Problem details :: Take the lines below between the one holding "ultimately show False using t by simp" and the one holding "using cost_level_attained[of X v]", inclusive, and copy them exactly. Add nothing.

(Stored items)
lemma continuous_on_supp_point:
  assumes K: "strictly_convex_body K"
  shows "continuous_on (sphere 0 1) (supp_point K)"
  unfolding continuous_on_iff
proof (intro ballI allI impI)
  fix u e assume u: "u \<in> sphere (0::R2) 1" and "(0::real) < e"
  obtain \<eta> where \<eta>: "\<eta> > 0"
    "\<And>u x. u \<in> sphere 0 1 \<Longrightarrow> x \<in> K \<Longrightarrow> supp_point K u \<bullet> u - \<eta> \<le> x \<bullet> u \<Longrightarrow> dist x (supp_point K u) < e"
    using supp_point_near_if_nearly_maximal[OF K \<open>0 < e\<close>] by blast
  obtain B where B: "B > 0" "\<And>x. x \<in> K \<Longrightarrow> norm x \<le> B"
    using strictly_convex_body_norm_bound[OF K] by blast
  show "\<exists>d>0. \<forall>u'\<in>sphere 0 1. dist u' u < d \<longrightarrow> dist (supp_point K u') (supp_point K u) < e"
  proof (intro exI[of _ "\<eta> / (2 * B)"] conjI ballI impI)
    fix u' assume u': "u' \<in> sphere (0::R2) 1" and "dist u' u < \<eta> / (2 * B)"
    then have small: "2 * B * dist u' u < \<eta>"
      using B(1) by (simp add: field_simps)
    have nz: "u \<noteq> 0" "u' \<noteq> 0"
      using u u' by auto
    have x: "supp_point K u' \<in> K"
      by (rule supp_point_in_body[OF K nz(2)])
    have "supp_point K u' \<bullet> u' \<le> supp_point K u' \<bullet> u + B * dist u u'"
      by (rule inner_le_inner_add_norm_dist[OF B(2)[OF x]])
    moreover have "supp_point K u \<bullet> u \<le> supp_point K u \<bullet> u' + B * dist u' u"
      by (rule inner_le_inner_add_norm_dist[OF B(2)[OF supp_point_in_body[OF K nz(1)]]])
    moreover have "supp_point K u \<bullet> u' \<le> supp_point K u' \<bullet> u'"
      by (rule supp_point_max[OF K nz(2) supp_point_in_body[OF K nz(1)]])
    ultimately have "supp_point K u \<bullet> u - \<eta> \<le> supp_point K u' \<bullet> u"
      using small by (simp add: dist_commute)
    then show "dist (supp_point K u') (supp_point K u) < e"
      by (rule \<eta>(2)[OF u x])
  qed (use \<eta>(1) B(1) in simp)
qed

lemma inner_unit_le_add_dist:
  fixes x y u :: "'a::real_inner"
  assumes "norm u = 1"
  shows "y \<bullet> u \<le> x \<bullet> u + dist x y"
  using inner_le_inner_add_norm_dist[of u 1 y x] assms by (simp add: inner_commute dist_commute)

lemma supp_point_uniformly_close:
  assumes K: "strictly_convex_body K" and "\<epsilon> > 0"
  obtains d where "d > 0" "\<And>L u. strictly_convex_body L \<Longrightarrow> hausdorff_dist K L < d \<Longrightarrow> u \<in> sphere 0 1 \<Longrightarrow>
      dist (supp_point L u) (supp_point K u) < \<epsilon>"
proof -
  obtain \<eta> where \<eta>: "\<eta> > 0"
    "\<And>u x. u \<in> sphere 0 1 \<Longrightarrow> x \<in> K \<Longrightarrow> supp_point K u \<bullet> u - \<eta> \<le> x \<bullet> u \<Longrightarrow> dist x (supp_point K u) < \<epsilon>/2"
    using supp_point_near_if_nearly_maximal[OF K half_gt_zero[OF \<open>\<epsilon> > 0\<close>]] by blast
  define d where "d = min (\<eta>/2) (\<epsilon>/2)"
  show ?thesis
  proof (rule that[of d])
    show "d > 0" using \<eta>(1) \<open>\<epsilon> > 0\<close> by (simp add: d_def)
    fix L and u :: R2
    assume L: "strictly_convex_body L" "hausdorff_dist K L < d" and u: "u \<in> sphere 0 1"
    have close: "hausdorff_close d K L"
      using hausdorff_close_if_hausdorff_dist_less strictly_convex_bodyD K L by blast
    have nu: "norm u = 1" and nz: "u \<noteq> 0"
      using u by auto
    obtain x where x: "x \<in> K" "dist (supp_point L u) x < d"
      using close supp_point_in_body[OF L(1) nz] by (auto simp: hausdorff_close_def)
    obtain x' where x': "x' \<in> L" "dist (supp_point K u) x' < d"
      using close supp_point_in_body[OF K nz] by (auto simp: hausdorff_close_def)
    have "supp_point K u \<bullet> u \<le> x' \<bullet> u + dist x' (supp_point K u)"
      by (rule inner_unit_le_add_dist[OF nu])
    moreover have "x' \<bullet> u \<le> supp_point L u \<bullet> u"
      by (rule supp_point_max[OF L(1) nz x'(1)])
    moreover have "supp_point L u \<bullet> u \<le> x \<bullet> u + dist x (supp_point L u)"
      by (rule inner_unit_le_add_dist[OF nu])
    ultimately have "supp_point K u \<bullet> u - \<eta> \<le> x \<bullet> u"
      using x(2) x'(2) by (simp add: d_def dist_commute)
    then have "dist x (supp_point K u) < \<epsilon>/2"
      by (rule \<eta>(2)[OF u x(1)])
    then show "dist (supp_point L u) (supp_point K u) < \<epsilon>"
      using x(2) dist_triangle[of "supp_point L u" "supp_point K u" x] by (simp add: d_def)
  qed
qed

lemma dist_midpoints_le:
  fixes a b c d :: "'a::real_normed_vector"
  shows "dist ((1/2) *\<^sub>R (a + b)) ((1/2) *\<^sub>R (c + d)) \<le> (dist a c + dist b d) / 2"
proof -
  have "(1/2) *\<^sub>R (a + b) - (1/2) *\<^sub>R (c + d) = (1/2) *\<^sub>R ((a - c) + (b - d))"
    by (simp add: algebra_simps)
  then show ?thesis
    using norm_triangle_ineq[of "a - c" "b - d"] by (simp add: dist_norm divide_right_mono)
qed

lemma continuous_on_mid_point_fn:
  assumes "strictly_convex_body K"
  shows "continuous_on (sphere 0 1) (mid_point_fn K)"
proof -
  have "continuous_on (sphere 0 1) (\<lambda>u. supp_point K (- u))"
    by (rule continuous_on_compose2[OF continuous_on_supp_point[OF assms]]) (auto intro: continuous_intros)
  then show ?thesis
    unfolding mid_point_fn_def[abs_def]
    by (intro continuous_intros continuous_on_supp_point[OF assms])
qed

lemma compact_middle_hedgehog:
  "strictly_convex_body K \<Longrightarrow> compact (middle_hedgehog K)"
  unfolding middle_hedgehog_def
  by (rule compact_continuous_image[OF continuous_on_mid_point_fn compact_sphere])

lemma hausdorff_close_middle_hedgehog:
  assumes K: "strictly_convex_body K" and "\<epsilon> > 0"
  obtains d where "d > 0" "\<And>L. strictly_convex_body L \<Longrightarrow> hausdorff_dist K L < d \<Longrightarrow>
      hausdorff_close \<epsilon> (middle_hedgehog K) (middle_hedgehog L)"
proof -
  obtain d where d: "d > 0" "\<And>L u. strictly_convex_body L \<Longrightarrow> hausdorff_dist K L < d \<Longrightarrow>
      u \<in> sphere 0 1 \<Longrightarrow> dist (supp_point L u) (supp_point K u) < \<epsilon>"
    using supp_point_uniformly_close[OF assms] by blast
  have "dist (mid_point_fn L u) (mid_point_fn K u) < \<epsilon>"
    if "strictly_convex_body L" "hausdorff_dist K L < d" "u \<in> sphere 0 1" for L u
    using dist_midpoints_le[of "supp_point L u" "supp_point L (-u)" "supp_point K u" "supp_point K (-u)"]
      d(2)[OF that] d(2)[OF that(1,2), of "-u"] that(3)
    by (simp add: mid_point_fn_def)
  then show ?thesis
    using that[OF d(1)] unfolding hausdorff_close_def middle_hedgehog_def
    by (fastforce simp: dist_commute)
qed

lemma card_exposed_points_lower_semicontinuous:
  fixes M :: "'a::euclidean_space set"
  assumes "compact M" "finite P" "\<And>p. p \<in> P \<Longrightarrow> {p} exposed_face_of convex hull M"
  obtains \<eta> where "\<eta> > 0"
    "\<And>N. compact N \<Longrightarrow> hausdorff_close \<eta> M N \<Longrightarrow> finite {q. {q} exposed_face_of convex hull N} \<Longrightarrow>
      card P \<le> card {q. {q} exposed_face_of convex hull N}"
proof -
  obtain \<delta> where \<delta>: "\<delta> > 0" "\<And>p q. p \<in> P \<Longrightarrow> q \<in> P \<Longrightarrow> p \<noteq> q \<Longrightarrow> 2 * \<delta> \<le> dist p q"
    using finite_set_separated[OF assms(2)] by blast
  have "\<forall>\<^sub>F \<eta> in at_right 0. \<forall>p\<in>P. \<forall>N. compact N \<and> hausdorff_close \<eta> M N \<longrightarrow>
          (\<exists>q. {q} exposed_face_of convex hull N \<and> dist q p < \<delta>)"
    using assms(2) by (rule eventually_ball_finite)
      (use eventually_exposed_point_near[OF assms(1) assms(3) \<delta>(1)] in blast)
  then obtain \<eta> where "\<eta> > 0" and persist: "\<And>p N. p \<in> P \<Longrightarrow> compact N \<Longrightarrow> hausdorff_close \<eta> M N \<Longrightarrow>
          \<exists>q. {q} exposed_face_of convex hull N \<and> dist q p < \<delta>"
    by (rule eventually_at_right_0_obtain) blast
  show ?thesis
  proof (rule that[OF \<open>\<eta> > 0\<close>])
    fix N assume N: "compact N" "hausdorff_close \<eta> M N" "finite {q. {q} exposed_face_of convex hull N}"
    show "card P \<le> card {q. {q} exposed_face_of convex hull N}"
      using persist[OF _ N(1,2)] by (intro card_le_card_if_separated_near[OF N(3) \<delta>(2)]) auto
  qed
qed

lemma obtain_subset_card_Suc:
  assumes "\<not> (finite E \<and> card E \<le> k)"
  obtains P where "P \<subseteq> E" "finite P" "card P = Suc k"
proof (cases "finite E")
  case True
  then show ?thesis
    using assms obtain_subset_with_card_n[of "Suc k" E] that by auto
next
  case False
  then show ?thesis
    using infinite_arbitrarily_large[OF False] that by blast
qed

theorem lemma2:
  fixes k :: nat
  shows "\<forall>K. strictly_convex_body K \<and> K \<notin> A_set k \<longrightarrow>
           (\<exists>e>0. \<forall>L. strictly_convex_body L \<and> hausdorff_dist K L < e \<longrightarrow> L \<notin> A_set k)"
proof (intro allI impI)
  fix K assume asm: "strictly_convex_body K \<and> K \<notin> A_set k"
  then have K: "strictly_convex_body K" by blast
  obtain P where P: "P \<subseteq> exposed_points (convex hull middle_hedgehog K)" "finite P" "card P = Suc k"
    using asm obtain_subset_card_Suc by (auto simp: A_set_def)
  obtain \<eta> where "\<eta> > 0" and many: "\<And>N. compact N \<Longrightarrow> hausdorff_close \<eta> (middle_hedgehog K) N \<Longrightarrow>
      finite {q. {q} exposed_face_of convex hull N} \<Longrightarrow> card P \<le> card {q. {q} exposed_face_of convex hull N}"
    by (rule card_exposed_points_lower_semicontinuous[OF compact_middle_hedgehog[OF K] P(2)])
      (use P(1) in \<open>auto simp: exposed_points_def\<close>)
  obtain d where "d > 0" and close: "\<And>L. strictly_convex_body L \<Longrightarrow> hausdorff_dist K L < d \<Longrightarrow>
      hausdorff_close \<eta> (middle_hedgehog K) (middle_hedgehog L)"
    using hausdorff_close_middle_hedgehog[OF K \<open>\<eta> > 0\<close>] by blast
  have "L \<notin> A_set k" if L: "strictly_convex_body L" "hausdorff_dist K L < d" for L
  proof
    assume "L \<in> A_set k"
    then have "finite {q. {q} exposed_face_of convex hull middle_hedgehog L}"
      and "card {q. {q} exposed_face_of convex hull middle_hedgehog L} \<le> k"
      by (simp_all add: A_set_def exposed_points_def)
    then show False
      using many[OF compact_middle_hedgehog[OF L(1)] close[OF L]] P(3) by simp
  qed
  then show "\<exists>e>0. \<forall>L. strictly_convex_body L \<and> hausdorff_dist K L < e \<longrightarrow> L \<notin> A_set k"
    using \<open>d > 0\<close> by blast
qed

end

==

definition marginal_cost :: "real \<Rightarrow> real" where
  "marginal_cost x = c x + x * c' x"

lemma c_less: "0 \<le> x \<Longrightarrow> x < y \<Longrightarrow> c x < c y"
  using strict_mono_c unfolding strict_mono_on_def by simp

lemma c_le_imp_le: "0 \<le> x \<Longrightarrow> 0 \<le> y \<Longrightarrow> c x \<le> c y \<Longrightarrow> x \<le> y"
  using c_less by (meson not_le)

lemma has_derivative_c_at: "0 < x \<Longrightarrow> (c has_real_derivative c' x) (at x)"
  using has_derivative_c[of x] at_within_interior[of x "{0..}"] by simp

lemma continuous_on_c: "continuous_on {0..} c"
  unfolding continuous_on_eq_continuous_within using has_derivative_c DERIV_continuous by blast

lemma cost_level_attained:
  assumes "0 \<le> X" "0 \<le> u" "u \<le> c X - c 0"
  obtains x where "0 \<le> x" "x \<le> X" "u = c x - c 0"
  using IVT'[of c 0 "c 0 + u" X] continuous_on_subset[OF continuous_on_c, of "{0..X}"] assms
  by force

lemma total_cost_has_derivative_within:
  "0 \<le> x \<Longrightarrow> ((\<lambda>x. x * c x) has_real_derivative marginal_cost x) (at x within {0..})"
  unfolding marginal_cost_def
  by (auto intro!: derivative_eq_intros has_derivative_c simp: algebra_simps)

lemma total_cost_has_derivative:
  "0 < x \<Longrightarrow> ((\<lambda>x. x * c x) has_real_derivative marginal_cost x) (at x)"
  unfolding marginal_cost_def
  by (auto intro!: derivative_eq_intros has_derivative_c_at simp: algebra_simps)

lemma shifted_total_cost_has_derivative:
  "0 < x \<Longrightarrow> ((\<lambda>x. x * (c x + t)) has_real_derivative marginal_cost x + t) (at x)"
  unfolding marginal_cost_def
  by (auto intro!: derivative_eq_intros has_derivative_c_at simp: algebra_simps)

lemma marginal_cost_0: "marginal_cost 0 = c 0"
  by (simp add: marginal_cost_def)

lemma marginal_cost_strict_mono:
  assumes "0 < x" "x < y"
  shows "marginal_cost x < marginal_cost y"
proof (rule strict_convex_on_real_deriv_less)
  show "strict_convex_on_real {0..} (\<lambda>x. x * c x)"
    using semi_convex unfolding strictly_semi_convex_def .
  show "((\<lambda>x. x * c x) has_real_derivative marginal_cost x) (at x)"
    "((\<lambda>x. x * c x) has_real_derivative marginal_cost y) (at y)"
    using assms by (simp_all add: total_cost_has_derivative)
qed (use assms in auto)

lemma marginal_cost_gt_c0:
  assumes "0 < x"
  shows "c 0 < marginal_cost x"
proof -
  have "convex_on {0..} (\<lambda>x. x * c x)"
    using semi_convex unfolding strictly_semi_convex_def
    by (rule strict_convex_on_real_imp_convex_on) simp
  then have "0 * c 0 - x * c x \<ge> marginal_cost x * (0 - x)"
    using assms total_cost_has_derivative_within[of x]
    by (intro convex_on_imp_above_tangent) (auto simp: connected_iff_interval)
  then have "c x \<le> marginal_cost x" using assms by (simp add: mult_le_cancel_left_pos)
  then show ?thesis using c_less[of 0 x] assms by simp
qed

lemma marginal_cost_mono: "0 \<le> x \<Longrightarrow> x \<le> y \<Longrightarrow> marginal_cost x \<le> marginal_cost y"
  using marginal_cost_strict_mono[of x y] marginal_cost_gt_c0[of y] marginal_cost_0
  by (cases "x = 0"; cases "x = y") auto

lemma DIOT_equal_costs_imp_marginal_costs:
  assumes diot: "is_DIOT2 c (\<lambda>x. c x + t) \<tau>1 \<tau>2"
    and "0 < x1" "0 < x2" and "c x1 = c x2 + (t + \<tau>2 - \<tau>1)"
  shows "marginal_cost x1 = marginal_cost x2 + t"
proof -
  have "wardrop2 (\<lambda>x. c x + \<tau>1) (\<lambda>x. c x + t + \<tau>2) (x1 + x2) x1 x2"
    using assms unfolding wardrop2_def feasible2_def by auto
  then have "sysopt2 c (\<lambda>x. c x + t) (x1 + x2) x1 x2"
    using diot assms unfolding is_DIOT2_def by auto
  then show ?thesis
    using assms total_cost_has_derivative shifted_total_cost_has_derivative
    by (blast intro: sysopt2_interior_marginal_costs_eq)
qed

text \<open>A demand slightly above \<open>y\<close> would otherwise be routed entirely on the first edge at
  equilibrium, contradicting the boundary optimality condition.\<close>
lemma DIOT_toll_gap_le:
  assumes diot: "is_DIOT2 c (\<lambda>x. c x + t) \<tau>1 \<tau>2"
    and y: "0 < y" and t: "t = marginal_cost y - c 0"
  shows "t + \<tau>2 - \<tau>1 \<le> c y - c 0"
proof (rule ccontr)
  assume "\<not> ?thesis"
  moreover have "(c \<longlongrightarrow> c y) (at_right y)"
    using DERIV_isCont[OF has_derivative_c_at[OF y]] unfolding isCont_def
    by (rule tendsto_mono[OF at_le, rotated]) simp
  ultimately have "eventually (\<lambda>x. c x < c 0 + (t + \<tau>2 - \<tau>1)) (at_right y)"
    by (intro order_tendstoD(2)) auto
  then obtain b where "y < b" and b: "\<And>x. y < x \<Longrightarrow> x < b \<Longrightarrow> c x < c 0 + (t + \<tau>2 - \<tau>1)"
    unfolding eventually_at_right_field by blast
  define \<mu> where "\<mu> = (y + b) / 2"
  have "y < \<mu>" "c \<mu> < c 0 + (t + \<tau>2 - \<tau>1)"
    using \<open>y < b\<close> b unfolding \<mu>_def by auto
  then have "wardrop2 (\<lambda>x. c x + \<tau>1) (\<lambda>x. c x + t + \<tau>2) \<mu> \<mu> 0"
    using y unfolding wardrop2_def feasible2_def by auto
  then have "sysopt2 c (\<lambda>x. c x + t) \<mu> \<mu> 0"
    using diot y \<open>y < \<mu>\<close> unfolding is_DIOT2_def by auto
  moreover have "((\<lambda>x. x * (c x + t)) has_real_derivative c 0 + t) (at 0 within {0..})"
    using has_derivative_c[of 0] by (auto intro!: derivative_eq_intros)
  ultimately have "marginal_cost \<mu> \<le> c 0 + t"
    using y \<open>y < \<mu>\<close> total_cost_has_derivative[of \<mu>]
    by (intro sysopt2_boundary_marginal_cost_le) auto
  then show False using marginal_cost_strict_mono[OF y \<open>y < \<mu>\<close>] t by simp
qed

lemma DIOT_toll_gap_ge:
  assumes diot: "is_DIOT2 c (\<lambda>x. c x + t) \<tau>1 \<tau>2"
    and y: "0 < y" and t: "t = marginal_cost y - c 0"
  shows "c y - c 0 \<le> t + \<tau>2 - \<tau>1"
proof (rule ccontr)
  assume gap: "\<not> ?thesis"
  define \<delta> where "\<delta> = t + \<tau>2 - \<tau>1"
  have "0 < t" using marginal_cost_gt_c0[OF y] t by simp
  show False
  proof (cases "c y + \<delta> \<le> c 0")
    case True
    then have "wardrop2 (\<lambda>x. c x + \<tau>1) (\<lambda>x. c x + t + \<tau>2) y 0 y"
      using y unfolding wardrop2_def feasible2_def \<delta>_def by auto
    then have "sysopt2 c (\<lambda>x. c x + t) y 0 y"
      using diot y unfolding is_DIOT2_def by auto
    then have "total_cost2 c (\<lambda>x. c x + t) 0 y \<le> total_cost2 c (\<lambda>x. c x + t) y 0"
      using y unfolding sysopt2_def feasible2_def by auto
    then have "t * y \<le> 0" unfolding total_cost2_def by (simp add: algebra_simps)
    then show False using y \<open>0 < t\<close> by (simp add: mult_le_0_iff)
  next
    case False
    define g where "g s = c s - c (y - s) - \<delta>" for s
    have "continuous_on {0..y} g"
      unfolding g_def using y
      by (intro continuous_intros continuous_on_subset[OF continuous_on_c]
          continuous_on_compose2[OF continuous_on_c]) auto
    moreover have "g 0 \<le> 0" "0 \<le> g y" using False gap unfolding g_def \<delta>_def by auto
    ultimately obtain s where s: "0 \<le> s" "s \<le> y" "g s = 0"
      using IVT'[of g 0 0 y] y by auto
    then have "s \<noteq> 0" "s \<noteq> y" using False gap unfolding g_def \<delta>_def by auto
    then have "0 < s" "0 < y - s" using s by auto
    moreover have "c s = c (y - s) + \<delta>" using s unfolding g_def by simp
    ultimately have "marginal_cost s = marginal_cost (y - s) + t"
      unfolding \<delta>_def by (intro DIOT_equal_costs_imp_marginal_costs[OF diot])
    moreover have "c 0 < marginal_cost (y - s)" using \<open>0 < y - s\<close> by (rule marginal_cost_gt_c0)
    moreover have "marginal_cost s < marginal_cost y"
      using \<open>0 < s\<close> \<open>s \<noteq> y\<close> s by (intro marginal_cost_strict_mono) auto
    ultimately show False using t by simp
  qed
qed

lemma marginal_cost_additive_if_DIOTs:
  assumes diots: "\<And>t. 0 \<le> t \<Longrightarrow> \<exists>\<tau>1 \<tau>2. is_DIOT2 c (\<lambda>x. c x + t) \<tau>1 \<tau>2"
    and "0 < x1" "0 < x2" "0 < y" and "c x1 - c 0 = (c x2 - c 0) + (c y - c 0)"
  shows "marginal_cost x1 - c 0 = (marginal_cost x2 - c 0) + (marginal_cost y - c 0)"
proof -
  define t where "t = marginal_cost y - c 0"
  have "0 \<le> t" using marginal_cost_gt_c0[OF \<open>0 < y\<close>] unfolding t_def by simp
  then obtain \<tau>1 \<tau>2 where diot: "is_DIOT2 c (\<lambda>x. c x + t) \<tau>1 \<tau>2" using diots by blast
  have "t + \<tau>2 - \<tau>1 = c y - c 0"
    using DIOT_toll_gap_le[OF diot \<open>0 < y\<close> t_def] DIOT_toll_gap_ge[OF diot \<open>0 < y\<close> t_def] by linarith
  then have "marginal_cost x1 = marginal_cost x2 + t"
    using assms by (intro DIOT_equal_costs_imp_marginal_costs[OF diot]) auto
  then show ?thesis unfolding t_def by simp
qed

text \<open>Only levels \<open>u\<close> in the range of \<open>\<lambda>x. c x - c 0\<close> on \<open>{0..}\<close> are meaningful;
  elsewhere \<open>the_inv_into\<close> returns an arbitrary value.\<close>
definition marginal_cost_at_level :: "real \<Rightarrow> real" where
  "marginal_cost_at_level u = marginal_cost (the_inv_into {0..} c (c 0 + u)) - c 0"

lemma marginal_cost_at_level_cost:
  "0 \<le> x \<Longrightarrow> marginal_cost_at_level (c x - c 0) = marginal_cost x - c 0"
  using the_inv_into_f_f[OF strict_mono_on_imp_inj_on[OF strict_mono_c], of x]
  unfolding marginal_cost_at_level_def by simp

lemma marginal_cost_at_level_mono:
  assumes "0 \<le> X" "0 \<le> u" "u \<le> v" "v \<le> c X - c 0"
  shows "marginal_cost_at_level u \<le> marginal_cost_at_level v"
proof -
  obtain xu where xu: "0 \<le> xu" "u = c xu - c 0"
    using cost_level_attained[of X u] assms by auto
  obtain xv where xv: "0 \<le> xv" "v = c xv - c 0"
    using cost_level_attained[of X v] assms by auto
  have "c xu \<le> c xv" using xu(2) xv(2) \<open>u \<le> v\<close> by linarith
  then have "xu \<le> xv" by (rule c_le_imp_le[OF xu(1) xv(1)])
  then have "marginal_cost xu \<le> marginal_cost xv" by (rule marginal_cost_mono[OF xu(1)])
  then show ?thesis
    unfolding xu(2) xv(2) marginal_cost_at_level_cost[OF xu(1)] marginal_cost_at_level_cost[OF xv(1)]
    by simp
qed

Exercise output ::
    ultimately show False using t by simp
  qed
qed

lemma marginal_cost_additive_if_DIOTs:
  assumes diots: "\<And>t. 0 \<le> t \<Longrightarrow> \<exists>\<tau>1 \<tau>2. is_DIOT2 c (\<lambda>x. c x + t) \<tau>1 \<tau>2"
    and "0 < x1" "0 < x2" "0 < y" and "c x1 - c 0 = (c x2 - c 0) + (c y - c 0)"
  shows "marginal_cost x1 - c 0 = (marginal_cost x2 - c 0) + (marginal_cost y - c 0)"
proof -
  define t where "t = marginal_cost y - c 0"
  have "0 \<le> t" using marginal_cost_gt_c0[OF \<open>0 < y\<close>] unfolding t_def by simp
  then obtain \<tau>1 \<tau>2 where diot: "is_DIOT2 c (\<lambda>x. c x + t) \<tau>1 \<tau>2" using diots by blast
  have "t + \<tau>2 - \<tau>1 = c y - c 0"
    using DIOT_toll_gap_le[OF diot \<open>0 < y\<close> t_def] DIOT_toll_gap_ge[OF diot \<open>0 < y\<close> t_def] by linarith
  then have "marginal_cost x1 = marginal_cost x2 + t"
    using assms by (intro DIOT_equal_costs_imp_marginal_costs[OF diot]) auto
  then show ?thesis unfolding t_def by simp
qed

text \<open>Only levels \<open>u\<close> in the range of \<open>\<lambda>x. c x - c 0\<close> on \<open>{0..}\<close> are meaningful;
  elsewhere \<open>the_inv_into\<close> returns an arbitrary value.\<close>
definition marginal_cost_at_level :: "real \<Rightarrow> real" where
  "marginal_cost_at_level u = marginal_cost (the_inv_into {0..} c (c 0 + u)) - c 0"

lemma marginal_cost_at_level_cost:
  "0 \<le> x \<Longrightarrow> marginal_cost_at_level (c x - c 0) = marginal_cost x - c 0"
  using the_inv_into_f_f[OF strict_mono_on_imp_inj_on[OF strict_mono_c], of x]
  unfolding marginal_cost_at_level_def by simp

lemma marginal_cost_at_level_mono:
  assumes "0 \<le> X" "0 \<le> u" "u \<le> v" "v \<le> c X - c 0"
  shows "marginal_cost_at_level u \<le> marginal_cost_at_level v"
proof -
  obtain xu where xu: "0 \<le> xu" "u = c xu - c 0"
    using cost_level_attained[of X u] assms by auto
  obtain xv where xv: "0 \<le> xv" "v = c xv - c 0"
    using cost_level_attained[of X v] assms by auto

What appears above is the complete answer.